А все малина виновата, ягода лесная, будь она неладна, и провалиться бы ей в тартарары вместе с Медвежьим логом, где вызрела она в нынешнее лето невиданно.

– Да така рясна, така сладка, прямо спасу нет, сама во рту тает, – елейным голосом пела в ухо старая Митрофановна. – Я и тебе на зиму запасу, от любой хвори средствие будет. Сослужи, Даня, я в долгу не останусь…

Данила в тот вечер мордушку [5] из ивовых прутьев ладил, каши уже сварил для прикорма и собирался с утра на озеро: карась, как дурной, стеной ломился.

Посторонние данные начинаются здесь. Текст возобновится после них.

(* Let $\Omega\subset\mathbb R^3$ be a bounded domain and $T'>0$. For $\alpha>0$ let $W_{\mathrm{sg},\alpha}(\varphi):=\alpha\big((1+\alpha+\varphi)\ln(1+\alpha+\varphi)+(1+\alpha-\varphi)\ln(1+\alpha-\varphi)\big)$ for $|\varphi|\le1+\alpha$ (with $0\ln0=0$), and define on $L^2(0,T';L^2(\Omega))$ $$\mathcal E_{\mathrm{sg},\alpha}(\varphi):=\begin{cases}\int_0^{T'}\!\int_\Omega W_{\mathrm{sg},\alpha}(\varphi)\,dx\,d\tau&\text{if }|\varphi|\le1+\alpha\text{ a.e. in }\Omega\times(0,T'),\\+\infty&\text{otherwise},\end{cases}\qquad \mathcal I_K(\varphi):=\begin{cases}0&\varphi\in K,\\+\infty&\varphi\notin K,\end{cases}$$ with $K:=\{\varphi\in L^2(0,T';L^2(\Omega)):|\varphi|\le1\text{ a.e. in }\Omega\times(0,T')\}$. Then $\mathcal E_{\mathrm{sg},\alpha}\to\mathcal I_K$ in the sense of Mosco in $L^2(0,T';L^2(\Omega))$ as $\alpha\searrow0$, i.e.: (M1) for every family $\varphi_\alpha\rightharpoonup\varphi$ weakly in $L^2(0,T';L^2(\Omega))$, $\liminf_{\alpha\searrow0}\mathcal E_{\mathrm{sg},\alpha}(\varphi_\alpha)\ge\mathcal I_K(\varphi)$; (M2) for every $\varphi\in L^2(0,T';L^2(\Omega))$ there is a family $\varphi_\alpha\to\varphi$ strongly in $L^2(0,T';L^2(\Omega))$ with $\limsup_{\alpha\searrow0}\mathcal E_{\mathrm{sg},\alpha}(\varphi_\alpha)\le\mathcal I_K(\varphi)$. *)

theory Defs
  imports "HOL-Analysis.Analysis"
begin

definition xlnx :: "real \<Rightarrow> real" where
  "xlnx x = (if x = 0 then 0 else x * ln x)"

definition W_sg :: "real \<Rightarrow> real \<Rightarrow> real" where
  "W_sg \<alpha> s = \<alpha> * (xlnx (1 + \<alpha> + s) + xlnx (1 + \<alpha> - s))"

text \<open>Space-time cylinder Omega x (0,T') and its Lebesgue measure;
  L^2(0,T';L^2(Omega)) is identified with L^2(Omega x (0,T')).\<close>
definition cyl :: "(real^3) set \<Rightarrow> real \<Rightarrow> ((real^3) \<times> real) set" where
  "cyl \<Omega> T' = \<Omega> \<times> {0<..<T'}"

definition L2 :: "'a measure \<Rightarrow> ('a \<Rightarrow> real) \<Rightarrow> bool" where
  "L2 M f \<longleftrightarrow> f \<in> borel_measurable M \<and> integrable M (\<lambda>x. (f x)\<^sup>2)"

definition E_sg :: "'a measure \<Rightarrow> real \<Rightarrow> ('a \<Rightarrow> real) \<Rightarrow> ereal" where
  "E_sg M \<alpha> \<phi> = (if AE x in M. \<bar>\<phi> x\<bar> \<le> 1 + \<alpha>
                    then ereal (\<integral>x. W_sg \<alpha> (\<phi> x) \<partial>M) else \<infinity>)"

definition I_K :: "'a measure \<Rightarrow> ('a \<Rightarrow> real) \<Rightarrow> ereal" where
  "I_K M \<phi> = (if L2 M \<phi> \<and> (AE x in M. \<bar>\<phi> x\<bar> \<le> 1) then 0 else \<infinity>)"

definition weak_L2_conv :: "'a measure \<Rightarrow> ('b \<Rightarrow> 'a \<Rightarrow> real) \<Rightarrow> ('a \<Rightarrow> real) \<Rightarrow> 'b filter \<Rightarrow> bool" where
  "weak_L2_conv M fs f F \<longleftrightarrow>
     (\<forall>\<psi>. L2 M \<psi> \<longrightarrow> ((\<lambda>a. \<integral>x. fs a x * \<psi> x \<partial>M) \<longlongrightarrow> (\<integral>x. f x * \<psi> x \<partial>M)) F)"

definition strong_L2_conv :: "'a measure \<Rightarrow> ('b \<Rightarrow> 'a \<Rightarrow> real) \<Rightarrow> ('a \<Rightarrow> real) \<Rightarrow> 'b filter \<Rightarrow> bool" where
  "strong_L2_conv M fs f F \<longleftrightarrow>
     ((\<lambda>a. \<integral>x. (fs a x - f x)\<^sup>2 \<partial>M) \<longlongrightarrow> 0) F"

end

theory Submission
  imports Defs
begin

text \<open>On K the potential is squeezed between \<open>-2\<alpha>\<close> and \<open>O(\<alpha>)\<close>, so on a space of finite
  measure \<open>E_sg \<alpha>\<close> is bounded below by \<open>-2\<alpha> |\<Omega> \<times> (0,T')|\<close> for every argument and tends to 0
  on K; this gives the liminf inequality on K and, with the constant recovery family, the
  limsup inequality. Off K, testing weak convergence against \<open>sgn \<phi>\<close> restricted to
  \<open>{|\<phi>| > 1}\<close> shows that weak limits of functions bounded by \<open>1 + \<alpha>\<close> are bounded by 1, so
  \<open>|\<phi>\<^sub>\<alpha>| \<le> 1 + \<alpha>\<close> fails for all small \<open>\<alpha>\<close> and \<open>E_sg \<alpha> \<phi>\<^sub>\<alpha> = \<infinity>\<close>.\<close>

lemma xlnx_ge_minus_one:
  assumes "0 \<le> y"
  shows "-1 \<le> xlnx y"
proof (cases "y = 0")
  case False
  then have y: "0 < y" using assms by simp
  have "- ln y \<le> 1 / y - 1"
    using ln_le_minus_one[of "1 / y"] y by (simp add: ln_div)
  then have "y * (- ln y) \<le> y * (1 / y - 1)" using y by (intro mult_left_mono) auto
  then show ?thesis using y by (simp add: xlnx_def right_diff_distrib)
qed (simp add: xlnx_def)

lemma xlnx_le:
  assumes "0 \<le> y"
  shows "xlnx y \<le> y * (y - 1)"
proof (cases "y = 0")
  case False
  then have "0 < y" using assms by simp
  then show ?thesis by (simp add: xlnx_def ln_le_minus_one mult_left_mono)
qed (simp add: xlnx_def)

lemma W_sg_ge:
  assumes "0 \<le> \<alpha>" "\<bar>s\<bar> \<le> 1 + \<alpha>"
  shows "-2 * \<alpha> \<le> W_sg \<alpha> s"
proof -
  have arg: "0 \<le> 1 + \<alpha> + s" "0 \<le> 1 + \<alpha> - s" using assms(2) by auto
  have "-2 \<le> xlnx (1 + \<alpha> + s) + xlnx (1 + \<alpha> - s)"
    using xlnx_ge_minus_one[OF arg(1)] xlnx_ge_minus_one[OF arg(2)] by linarith
  then have "\<alpha> * -2 \<le> \<alpha> * (xlnx (1 + \<alpha> + s) + xlnx (1 + \<alpha> - s))"
    using assms(1) by (rule mult_left_mono)
  then show ?thesis by (simp add: W_sg_def)
qed

lemma W_sg_le:
  assumes "0 \<le> \<alpha>" "\<bar>s\<bar> \<le> 1 + \<alpha>"
  shows "W_sg \<alpha> s \<le> 2 * \<alpha> * (\<alpha> + \<alpha>\<^sup>2 + s\<^sup>2)"
proof -
  have arg: "0 \<le> 1 + \<alpha> + s" "0 \<le> 1 + \<alpha> - s" using assms(2) by auto
  have "xlnx (1 + \<alpha> + s) + xlnx (1 + \<alpha> - s)
          \<le> (1 + \<alpha> + s) * (1 + \<alpha> + s - 1) + (1 + \<alpha> - s) * (1 + \<alpha> - s - 1)"
    using xlnx_le[OF arg(1)] xlnx_le[OF arg(2)] by linarith
  also have "\<dots> = 2 * (\<alpha> + \<alpha>\<^sup>2 + s\<^sup>2)" by (simp add: algebra_simps power2_eq_square)
  finally have "\<alpha> * (xlnx (1 + \<alpha> + s) + xlnx (1 + \<alpha> - s)) \<le> \<alpha> * (2 * (\<alpha> + \<alpha>\<^sup>2 + s\<^sup>2))"
    using assms(1) by (rule mult_left_mono)
  then show ?thesis by (simp add: W_sg_def mult_ac)
qed

lemma (in finite_measure) E_sg_ge:
  assumes "0 < \<alpha>"
  shows "ereal (-2 * \<alpha> * measure M (space M)) \<le> E_sg M \<alpha> f"
proof (cases "AE x in M. \<bar>f x\<bar> \<le> 1 + \<alpha>")
  case bounded: True
  have "-2 * \<alpha> * measure M (space M) \<le> (\<integral>x. W_sg \<alpha> (f x) \<partial>M)"
  proof (cases "integrable M (\<lambda>x. W_sg \<alpha> (f x))")
    case True
    have "(\<integral>x. -2 * \<alpha> \<partial>M) \<le> (\<integral>x. W_sg \<alpha> (f x) \<partial>M)"
      using True bounded W_sg_ge[of \<alpha>] assms
      by (intro integral_mono_AE) (auto elim!: eventually_mono)
    then show ?thesis by (simp add: mult_ac)
  qed (use assms in \<open>simp add: not_integrable_integral_eq\<close>)
  then show ?thesis using bounded by (simp add: E_sg_def)
qed (simp add: E_sg_def)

Но притащилась, на закате уже, Митрофановна и принялась уговаривать, чтобы сходил он завтра в Медвежий лог с ягодницами, потому как сильно боязно им одним. Три дня назад пошли – а там медведь хозяйничает, тоже любит сладким полакомиться. Как рыкнул, так иные бабы и девки ведра в логу побросали, а до деревни, с визгом, летели, как весенние ласточки.

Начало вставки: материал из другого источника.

(* Let $(M,g)$ be a $d$-dimensional Lorentzian spacetime, $d\ge 4$ (no field equations are assumed), equipped with a null basis $(\ell,n,m_{(2)},\dots,m_{(d-1)})$, and consider a linearized perturbation of the metric (and of the basis) about this background. Then the first-order perturbation $\Omega^{(1)}_{ij}$ of the Weyl components $\Omega_{ij}$ is gauge invariant if and only if $\ell$ is a multiple WAND of the background spacetime, or equivalently, if and only if $\Psi^{(0)}_{ijk}=0$ and $\Omega^{(0)}_{ij}=0$.
   Context: The null basis satisfies $\ell\cdot\ell=n\cdot n=\ell\cdot m_{(i)}=n\cdot m_{(i)}=0$, $\ell\cdot n=1$, $m_{(i)}\cdot m_{(j)}=\delta_{ij}$, with indices $i,j,k,\dots$ ranging over $2,\dots,d-1$. With $C_{abcd}$ the Weyl tensor, define the frame components $\Omega_{ij}=C_{abcd}\ell^a m_{(i)}^b\ell^c m_{(j)}^d$ and $\Psi_{ijk}=C_{abcd}\ell^a m_{(i)}^b m_{(j)}^c m_{(k)}^d$. The vector $\ell$ is a multiple WAND (Weyl aligned null direction of multiplicity at least 2) iff $\Omega_{ij}=0$ and $\Psi_{ijk}=0$. For any quantity $X$ write $X=X^{(0)}+X^{(1)}$ with $X^{(0)}$ its background value and $X^{(1)}$ its first-order perturbation. A quantity $X^{(1)}$ is called gauge invariant if it is unchanged to first order both under infinitesimal coordinate transformations (under which a scalar transforms as $X^{(1)}\mapsto X^{(1)}+\xi^\mu\partial_\mu X^{(0)}$) and under infinitesimal changes of the null basis, i.e. infinitesimal Lorentz transformations generated by boosts ($\ell\mapsto\lambda\ell$, $n\mapsto\lambda^{-1}n$, $m_{(i)}\mapsto m_{(i)}$), spins ($m_{(i)}\mapsto X_{ij}m_{(j)}$ with $X\in SO(d-2)$), null rotations about $\ell$ ($\ell\mapsto\ell$, $n\mapsto n+z_i m_{(i)}-\tfrac12 z^2\ell$, $m_{(i)}\mapsto m_{(i)}-z_i\ell$) and null rotations about $n$ ($n\mapsto n$, $\ell\mapsto \ell+z_i m_{(i)}-\tfrac12 z^2 n$, $m_{(i)}\mapsto m_{(i)}-z_i n$). *)

theory Defs
  imports "HOL-Analysis.Analysis"
begin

– Посидел бы со своим ружьецом, покараулил бы нас, оборонил, коли он, растреклятый, явится, – зудела и зудела Митрофановна – хуже комара, от которого сколько ни отмахивайся, а он всегда рядом, – С нашего околотку все девки пойдут – может, какую выглядишь. На вечерки-то, сказывают, ты не ходишь, оно и понятно дело – какое веселье, когда самого себя поить-кормить надо. Сиротское житье известное – чужие люди не озаботятся…

Старухины причитания Даниле – как острый нож по сердцу. Не любил он, когда ему в душу лезли, когда его сиротство трогали. Что он, убогий какой?! Да он в деревне – самый знатный охотник. И соболя бьет, и белку, и на медведя ходит. К нему вон даже господа из самого города Белоярска на охоту приезжают – хвалят, не нахвалятся. С десяти лет, как мать-покойница занемогла и обезножела, он от тайги кормится и знает ее, как свою махонькую избушку – до последнего закутка. В тайге хорошо: там людей нет. А людей в деревне Данила сторонился – все подвоха от них ожидал, насмешек, потому и не дружил ни с кем, в гости и на вечерки не ходил.

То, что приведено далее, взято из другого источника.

definition coupling_F ::
  "('x \<Rightarrow> 'l::real_inner) \<Rightarrow> ('x \<Rightarrow> 'z::real_vector) \<Rightarrow> ('y::real_vector \<Rightarrow> 'z \<Rightarrow> real)
   \<Rightarrow> ('z \<Rightarrow> 'z) \<Rightarrow> ('z \<Rightarrow> 'y) \<Rightarrow> 'l \<Rightarrow> 'z \<Rightarrow> 'y \<Rightarrow> 'x \<Rightarrow> 'y \<Rightarrow> real" where
  "coupling_F iota tr dual K W f u0 \<phi>0 v \<psi> =
     inner f (iota v) + dual (\<phi>0 + W u0) (tr v)
     + dual \<psi> ((1/2) *\<^sub>R u0 - K u0)"

definition stab_b ::
  "('x \<Rightarrow> 'e::real_inner) \<Rightarrow> ('e \<Rightarrow> 'e) \<Rightarrow> ('x \<Rightarrow> 'z::real_vector) \<Rightarrow> ('y \<Rightarrow> 'z \<Rightarrow> real)
   \<Rightarrow> ('y \<Rightarrow> 'z) \<Rightarrow> ('z \<Rightarrow> 'z) \<Rightarrow> ('y::real_vector \<Rightarrow> 'y) \<Rightarrow> ('z \<Rightarrow> 'y)
   \<Rightarrow> nat \<Rightarrow> (nat \<Rightarrow> 'y)
   \<Rightarrow> 'x \<Rightarrow> 'y \<Rightarrow> 'x \<Rightarrow> 'y \<Rightarrow> real" where
  "stab_b eps A tr dual V K K' W D \<xi> u \<phi> v \<psi> =
     coupling_b eps A tr dual V K K' W u \<phi> v \<psi>
     + (\<Sum>j=1..D. dual (\<xi> j) ((1/2) *\<^sub>R tr u - K (tr u) + V \<phi>)
                 * dual (\<xi> j) ((1/2) *\<^sub>R tr v - K (tr v) + V \<psi>))"

definition stab_F ::
  "('x \<Rightarrow> 'l::real_inner) \<Rightarrow> ('x \<Rightarrow> 'z::real_vector) \<Rightarrow> ('y::real_vector \<Rightarrow> 'z \<Rightarrow> real)
   \<Rightarrow> ('y \<Rightarrow> 'z) \<Rightarrow> ('z \<Rightarrow> 'z) \<Rightarrow> ('z \<Rightarrow> 'y) \<Rightarrow> 'l \<Rightarrow> 'z \<Rightarrow> 'y
   \<Rightarrow> nat \<Rightarrow> (nat \<Rightarrow> 'y) \<Rightarrow> 'x \<Rightarrow> 'y \<Rightarrow> real" where
  "stab_F iota tr dual V K W f u0 \<phi>0 D \<xi> v \<psi> =
     coupling_F iota tr dual K W f u0 \<phi>0 v \<psi>
     + (\<Sum>j=1..D. dual (\<xi> j) ((1/2) *\<^sub>R u0 - K u0)
                 * dual (\<xi> j) ((1/2) *\<^sub>R tr v - K (tr v) + V \<psi>))"

end

theory Submission
  imports Defs
begin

За серьезного, самостоятельного мужика сам себя считал Данила. Вот поэтому не сдержался и буркнул сердито:

– Да отодвинься ты, Митрофановна! Ненароком глаз выколю, прутья-то вон каки гибкие!

– Господь с тобой, Данюшка, куда я без глазу-то!

А сама мостится, мостится на лавке поближе и зудит, зудит про свое: посидел бы с ружьецом, покараулил… Сердитым голосом ее не остановишь, она и не таких сердитых улещала-уговаривала, не зря считается первой свахой в Успенке, а еще она и лекарка, и повитуха…

Да чтоб ты, старая, язык проглотила!

Куда там!

– Я уж скажу всем – пускай тебе ягодок понемногу отсыпят. Сам полакомишься, самому радость будет…

Измором взяла. Да и мордушка получалась кривая-косая – а какой она иной будет, если под руку с уговорами лезут? В конце концов отложил Данила нужное дело в сторону и к великой радости Митрофановны пообещал:

– Ладно, схожу я завтра, только собирайтесь пораньше, ждать никого не стану. Если будете до обеда чухаться…

– Да мы до солнышка все тут, возле тебя, родимый, – снова запела Митрофановна, но Данила ее уже не слышал – ушел в избушку.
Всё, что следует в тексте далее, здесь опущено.